■ **TASK TO CARRY OUT**:
Exactly reproduce the lines from the line containing "V E (pconj_word" to the end of the data below, inclusive, and nothing else.

■ **EXERCISE INPUTS**:
***
lemma raag_equiv_vertex_pow_snoc:
  assumes v: "v \<in> V"
  shows "raag_equiv V E (vertex_pow v k @ [(v, True)]) (vertex_pow v (k + 1))"
    and "raag_equiv V E (vertex_pow v k @ [(v, False)]) (vertex_pow v (k - 1))"
proof -
  have cancel: "raag_equiv V E (replicate (Suc n) (v, b) @ [(v, \<not> b)]) (replicate n (v, b))" for n b
    using raag_equiv_cancel[where E = E and b = b and ys = "[]", OF v replicate_in_words[OF v]]
    by (simp add: replicate_append_same[symmetric])
  show "raag_equiv V E (vertex_pow v k @ [(v, True)]) (vertex_pow v (k + 1))"
  proof (cases "0 \<le> k")
    case True
    then show ?thesis by (simp add: vertex_pow_nonneg nat_add_distrib replicate_append_same)
  next
    case False
    then have "nat (- k) = Suc (nat (- (k + 1)))" by simp
    then show ?thesis
      using False cancel[of "nat (- (k + 1))" False] by (simp add: vertex_pow_nonpos)
  qed
  show "raag_equiv V E (vertex_pow v k @ [(v, False)]) (vertex_pow v (k - 1))"
  proof (cases "0 < k")
    case True
    then have "nat k = Suc (nat (k - 1))" by simp
    then show ?thesis using True cancel[of "nat (k - 1)" True] by (simp add: vertex_pow_nonneg)
  next
    case False
    then have "nat (1 - k) = Suc (nat (- k))" by simp
    then show ?thesis using False by (simp add: vertex_pow_nonpos replicate_append_same)
  qed
qed

lemma raag_equiv_vertex_pow_add:
  assumes v: "v \<in> V"
  shows "raag_equiv V E (vertex_pow v a @ vertex_pow v b) (vertex_pow v (a + b))"
proof (induction b rule: int_induct[where k = 0])
  case (step1 b)
  have "raag_equiv V E (vertex_pow v a @ vertex_pow v (b + 1)) (vertex_pow v a @ vertex_pow v b @ [(v, True)])"
    using raag_equiv_sym[OF raag_equiv_vertex_pow_snoc(1)[OF v, of E b]] vertex_pow_words[OF v]
    by (intro raag_equiv_append) auto
  also have "raag_equiv V E \<dots> (vertex_pow v (a + b) @ [(v, True)])"
    using step1 vertex_pow_words[OF v] v
    by (subst append_assoc[symmetric], intro raag_equiv_append) auto
  also have "raag_equiv V E \<dots> (vertex_pow v (a + (b + 1)))"
    using raag_equiv_vertex_pow_snoc(1)[OF v, of E "a + b"] by (simp add: add.assoc)
  finally show ?case .
next
  case (step2 b)
  have "raag_equiv V E (vertex_pow v a @ vertex_pow v (b - 1)) (vertex_pow v a @ vertex_pow v b @ [(v, False)])"
    using raag_equiv_sym[OF raag_equiv_vertex_pow_snoc(2)[OF v, of E b]] vertex_pow_words[OF v]
    by (intro raag_equiv_append) auto
  also have "raag_equiv V E \<dots> (vertex_pow v (a + b) @ [(v, False)])"
    using step2 vertex_pow_words[OF v] v
    by (subst append_assoc[symmetric], intro raag_equiv_append) auto
  also have "raag_equiv V E \<dots> (vertex_pow v (a + (b - 1)))"
    using raag_equiv_vertex_pow_snoc(2)[OF v, of E "a + b"] by (simp add: algebra_simps)
  finally show ?case .
qed simp

lemma raag_equiv_vertex_pow_commute:
  assumes v: "v \<in> V" and y: "y \<in> st V E v"
  shows "raag_equiv V E (vertex_pow v k @ [(y, True)]) ([(y, True)] @ vertex_pow v k)"
proof -
  have "raag_equiv V E (replicate n (v, c) @ [(y, True)]) ([(y, True)] @ replicate n (v, c))" for n c
  proof (induction n)
    case (Suc n)
    have "raag_equiv V E ([(v, c)] @ (replicate n (v, c) @ [(y, True)]) @ [])
        ([(v, c)] @ ([(y, True)] @ replicate n (v, c)) @ [])"
      using v by (intro raag_equiv_context Suc.IH) auto
    also have "\<dots> = [] @ (v, c) # (y, True) # replicate n (v, c)" by simp
    also have "raag_equiv V E \<dots> ([] @ (y, True) # (v, c) # replicate n (v, c))"
      using v y replicate_in_words[OF v] by (intro raag_equiv_commute_star) auto
    finally show ?case by simp
  qed simp
  then show ?thesis by (simp add: vertex_pow_def)
qed

lemma raag_equiv_conj_vertex_pow_star:
  assumes v: "v \<in> V" and yv: "y \<in> st V E v"
  shows "raag_equiv V E (vertex_pow v k @ [(y, True)] @ vertex_pow v (- k)) [(y, True)]"
proof -
  have y: "y \<in> V" using v yv by (auto simp: mem_st_iff)
  have "raag_equiv V E ((vertex_pow v k @ [(y, True)]) @ vertex_pow v (- k))
      (([(y, True)] @ vertex_pow v k) @ vertex_pow v (- k))"
    using vertex_pow_words[OF v] y
    by (intro raag_equiv_append[OF raag_equiv_vertex_pow_commute[OF v yv] raag_equiv_refl]) auto
  also have "\<dots> = [(y, True)] @ (vertex_pow v k @ vertex_pow v (- k)) @ []" by simp
  also have "raag_equiv V E \<dots> ([(y, True)] @ vertex_pow v (k + - k) @ [])"
    using raag_equiv_vertex_pow_add[OF v, of E k "- k"] y
    by (intro raag_equiv_context) auto
  finally show ?thesis by simp
qed

lemma raag_equiv_conj_vertex_pow_add:
  assumes v: "v \<in> V" and y: "y \<in> V"
  shows "raag_equiv V E (vertex_pow v s @ (vertex_pow v k @ [(y, True)] @ vertex_pow v (- k)) @ vertex_pow v (- s))
    (vertex_pow v (s + k) @ [(y, True)] @ vertex_pow v (- (s + k)))"
proof -
  have "vertex_pow v s @ (vertex_pow v k @ [(y, True)] @ vertex_pow v (- k)) @ vertex_pow v (- s)
      = (vertex_pow v s @ vertex_pow v k) @ [(y, True)] @ (vertex_pow v (- k) @ vertex_pow v (- s))"
    by simp
  also have "raag_equiv V E \<dots> (vertex_pow v (s + k) @ [(y, True)] @ vertex_pow v (- k + - s))"
    using v y vertex_pow_words[OF v]
    by (intro raag_equiv_append raag_equiv_vertex_pow_add) auto
  finally show ?thesis by (simp add: add.commute)
qed

fun pconj_prod_word :: "('v \<times> 'v set \<times> bool) list \<Rightarrow> 'v \<Rightarrow> ('v \<times> bool) list" where
  "pconj_prod_word [] = (\<lambda>x. [(x, True)])"
| "pconj_prod_word ((u, C, e) # L) = (\<lambda>x. word_subst (pconj_prod_word L) (pconj_word u C e x))"

fun conj_exponent :: "('v \<times> 'v set \<times> bool) list \<Rightarrow> 'v \<Rightarrow> int" where
  "conj_exponent [] w = 0"
| "conj_exponent ((u, C, e) # L) w = (if w \<in> C then (if e then 1 else - 1) else 0) + conj_exponent L w"

lemma conj_exponent_append: "conj_exponent (L1 @ L2) w = conj_exponent L1 w + conj_exponent L2 w"
  by (induction L1) auto

lemma conj_exponent_map:
  "conj_exponent (map (\<lambda>u. (u, C u, True)) us) w = int (length (filter (\<lambda>u. w \<in> C u) us))"
  by (induction us) auto

lemma conj_exponent_replicate:
  "conj_exponent (replicate n (u, C, e)) w = (if w \<in> C then (if e then int n else - int n) else 0)"
  by (induction n) auto

lemma commuting_subst_pconj_prod_word:
  assumes "\<forall>(u, C, e) \<in> set L. pconj_domain V E u C" and sym: "\<And>a b. E a b \<Longrightarrow> E b a"
  shows "commuting_subst V E V E (pconj_prod_word L)"
  using assms(1)
proof (induction L)
  case Nil
  then show ?case by (simp add: commuting_subst_letter)
next
  case (Cons op L)
  obtain u C e where op: "op = (u, C, e)" by (cases op) auto
  have "commuting_subst V E V E (pconj_word u C e)"
    using Cons.prems op by (intro commuting_subst_pconj_word[OF _ sym]) auto
  from commuting_subst_comp[OF this Cons.IH] Cons.prems show ?case by (simp add: op)
qed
***
■ **EXPECTED ANSWER**:
  have "commuting_subst V E V E (pconj_word u C e)"
    using Cons.prems op by (intro commuting_subst_pconj_word[OF _ sym]) auto
  from commuting_subst_comp[OF this Cons.IH] Cons.prems show ?case by (simp add: op)
qed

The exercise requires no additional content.